PostPosted: 16 Jan 2006, 14:04
by Dieter Hemmers
Hello,
I have written a small chess engine with 0x88-Board-Representation and alpha-Beta search-algorithm. What is the best way to implement an evaluation function? Is it better to examine the position at the root much more than the others or should I examine all positions the same way. How do most programs work?
Dieter

Re: Evaluation

PostPosted: 16 Jan 2006, 15:23
by H.G.Muller
I am not sure what you mean by 'more often'. Surely it is always meaningless to evaluate the same position more than once?

Usually one evaluates at the end-leaves, but if you iteratively deepen the search positions at any level will be end-leaves in some stage of the search process. Initially the ones close to the root, and then progressively further away.

If a certain position is an internal node for a certain search depth, where all moves radiating out from that position are searched, an evaluation will not be used at all: the score for that position is purely derived as the value of the best move, through minimax. Only in nodes where not all moves are tried (e.g. quiescence search) you need evaluation to determine the score, in case all moves that are tried turn out to be worse than the current position is evaluated statically, under the assumption that among the moves that you did not consider there will be at least one that preserves the current balance.

Re: Evaluation

PostPosted: 16 Jan 2006, 16:13
by Dieter Hemmers
H.G.Muller wrote:I am not sure what you mean by 'more often'. Surely it is always meaningless to evaluate the same position more than once?

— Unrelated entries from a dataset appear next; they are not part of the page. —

fun eqn_holds :: "'i set \<Rightarrow> (nat \<Rightarrow> ('i \<Rightarrow> 'a::semigroup_mult)) \<Rightarrow> ('i \<Rightarrow> 'a) eqn \<Rightarrow> bool" where
  "eqn_holds I p (EqM t1 t2 t3) = powM I (trm_eval p t1) (trm_eval p t2) (trm_eval p t3)"
| "eqn_holds I p (EqE t1 t2) = (trm_eval p t1 = trm_eval p t2)"

definition Sol :: "'i set \<Rightarrow> nat \<Rightarrow> ('i \<Rightarrow> 'a::semigroup_mult) eqn set \<Rightarrow> (nat \<Rightarrow> ('i \<Rightarrow> 'a)) set" where
  "Sol I n E = {p \<in> PiE {..<n} (\<lambda>_. power I). \<forall>e\<in>E. eqn_holds I p e}"

definition is_system :: "'i set \<Rightarrow> nat \<Rightarrow> ('i \<Rightarrow> 'a) eqn set \<Rightarrow> bool" where
  "is_system I n E \<longleftrightarrow> (\<forall>e\<in>E. eqn_vars e \<subseteq> {..<n} \<and> eqn_consts e \<subseteq> power I)"

definition power_eq_noetherian :: "'i set \<Rightarrow> 'a::semigroup_mult itself \<Rightarrow> bool" where
  "power_eq_noetherian I (_::'a itself) \<longleftrightarrow>
     (\<forall>n. \<forall>E :: ('i \<Rightarrow> 'a) eqn set. is_system I n E \<longrightarrow>
        (\<exists>E0\<subseteq>E. finite E0 \<and> Sol I n E0 = Sol I n E))"

end

theory Submission
  imports Defs
begin
definition bin_entropy :: "real \<Rightarrow> real" where
  "bin_entropy x = - x * log 2 x - (1 - x) * log 2 (1 - x)"

definition min_entropy :: "'a pmf \<Rightarrow> real" where
  "min_entropy P = - log 2 (SUP x. pmf P x)"

definition prefix_event :: "mat2 \<Rightarrow> nat \<Rightarrow> mat2 set" where
  "prefix_event A i = {X. \<forall>j<i. X j = A j}"

definition cond_prob :: "'a pmf \<Rightarrow> 'a set \<Rightarrow> 'a set \<Rightarrow> real" where
  "cond_prob P E F = measure_pmf.prob P (E \<inter> F) / measure_pmf.prob P F"

definition p_row :: "mat2 pmf \<Rightarrow> mat2 \<Rightarrow> nat \<Rightarrow> real" where
  "p_row P A i = cond_prob P {X. X i = A i} (prefix_event A i)"

definition q_row :: "mat2 pmf \<Rightarrow> mat2 \<Rightarrow> nat \<Rightarrow> real" where
  "q_row P A i = - log 2 (p_row P A i)"

definition rare :: "mat2 pmf \<Rightarrow> nat \<Rightarrow> nat \<Rightarrow> real \<Rightarrow> mat2 \<Rightarrow> bool" where
  "rare P m n \<tau> A \<longleftrightarrow> (\<exists>i<m. p_row P A i < 2 powr (- (real n * (1 + \<tau>))))"

text \<open>Admissible choice of the function B (None plays the role of bottom).\<close>
definition valid_B :: "mat2 pmf \<Rightarrow> nat \<Rightarrow> nat \<Rightarrow> real \<Rightarrow> real \<Rightarrow>
    (mat2 \<Rightarrow> nat set option) \<Rightarrow> bool" where
  "valid_B P m n \<tau> \<eta> B \<longleftrightarrow>
     (\<forall>A \<in> set_pmf P.
        (rare P m n \<tau> A \<longrightarrow> B A = None) \<and>
        (\<not> rare P m n \<tau> A \<longrightarrow>
           (\<exists>S. B A = Some S \<and> S \<subseteq> {..<m} \<and> real (card S) \<le> \<eta> * real m \<and>
                (\<forall>i<m. i \<notin> S \<longrightarrow> q_row P A i \<ge> (1 - \<eta>) * real n))))"

definition bad :: "mat2 pmf \<Rightarrow> nat \<Rightarrow> nat \<Rightarrow> real \<Rightarrow> real \<Rightarrow>
    (mat2 \<Rightarrow> nat set option) \<Rightarrow> mat2 \<Rightarrow> bool" where
  "bad P m n \<tau> \<delta> B A \<longleftrightarrow> rare P m n \<tau> A \<or>
     (\<exists>i<m. cond_prob P {X. B X = B A} (prefix_event A i) < \<delta>)"

end

theory Submission
  imports Defs
begin

text \<open>Both parts of the bound come from conditioning on the first \<open>i\<close> rows. Given the prefix,
  the next row takes at most \<open>2^n\<close> values, so the total conditional mass of the values of
  probability below \<open>t\<close> is at most \<open>2^n t\<close>; with \<open>t = 2^{-n(1+\<tau>)}\<close> and a union bound over
  the rows this bounds the probability of rarity. Likewise, for a fixed value \<open>b\<close> of \<open>B\<close>, the
  event \<open>B = b\<close> has conditional probability below \<open>\<delta>\<close> only on prefixes where its total
  conditional mass is below \<open>\<delta>\<close>; a union bound over the \<open>m\<close> rows and the at most
  \<open>2^{h(\<eta>)m}\<close> admissible sets \<open>S\<close> finishes the proof.\<close>

lemma powr_neg_bin_entropy:
  fixes \<eta> x :: real
  assumes "0 < \<eta>" "\<eta> < 1"
  shows "2 powr (- (bin_entropy \<eta> * x)) = \<eta> powr (\<eta> * x) * (1 - \<eta>) powr ((1 - \<eta>) * x)"
proof -
  have "\<eta> powr (\<eta> * x) * (1 - \<eta>) powr ((1 - \<eta>) * x)
      = (2 powr log 2 \<eta>) powr (\<eta> * x) * (2 powr log 2 (1 - \<eta>)) powr ((1 - \<eta>) * x)"
    using assms by simp
  also have "\<dots> = 2 powr (- (bin_entropy \<eta> * x))"
    by (simp add: powr_powr powr_add[symmetric] bin_entropy_def algebra_simps)
  finally show ?thesis ..
qed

Usually one evaluates at the end-leaves, but if you iteratively deepen the search positions at any level will be end-leaves in some stage of the search process. Initially the ones close to the root, and then progressively further away.

If a certain position is an internal node for a certain search depth, where all moves radiating out from that position are searched, an evaluation will not be used at all: the score for that position is purely derived as the value of the best move, through minimax. Only in nodes where not all moves are tried (e.g. quiescence search) you need evaluation to determine the score, in case all moves that are tried turn out to be worse than the current position is evaluated statically, under the assumption that among the moves that you did not consider there will be at least one that preserves the current balance.


My question is, if it is possible to find a "plan" in the root position. When you play chess, you look at a position and you find out, that there is only one good positional move. This evaluation could be very expensive. Then every position with this good positional move should give a plus in evaluation? The other side is to evaluate every position the same way by static parameters.

Re: Evaluation

PostPosted: 16 Jan 2006, 16:27
by Leen Ammeraal
Chess engines evaluate the position, or 'plan' as you put it,
not only at the root but on the leaves of the search tree.
The fact that such static evaluation is often done rather
clumsily by computers (compared with good human players)
is compensated for by the enormous number of positions,
for which it is done.
I can understand your question very well, since
when I started chess programming I also tried to do this
static evaluation at a less deep level than the tactical
search for material gain and mate. But I soon abandoned this
idea, and I now do everything at the leaves, as everyone else does.
Leen Ammeraal

Re: Evaluation

PostPosted: 16 Jan 2006, 17:00
by mathmoi
Leen Ammeraal wrote:Chess engines evaluate the position, or 'plan' as you put it,
not only at the root but on the leaves of the search tree.
The fact that such static evaluation is often done rather
clumsily by computers (compared with good human players)
is compensated for by the enormous number of positions,
for which it is done.
I can understand your question very well, since
when I started chess programming I also tried to do this
static evaluation at a less deep level than the tactical
search for material gain and mate. But I soon abandoned this
idea, and I now do everything at the leaves, as everyone else does.
Leen Ammeraal


Hi Leen and Dieter,

REBEL call it's evaluation function at each nodes (http://members.home.nl/matador/chess840.htm) If I remember well it improves the move ordering (There is also oder benifit, refer to the REBEL page for more infos).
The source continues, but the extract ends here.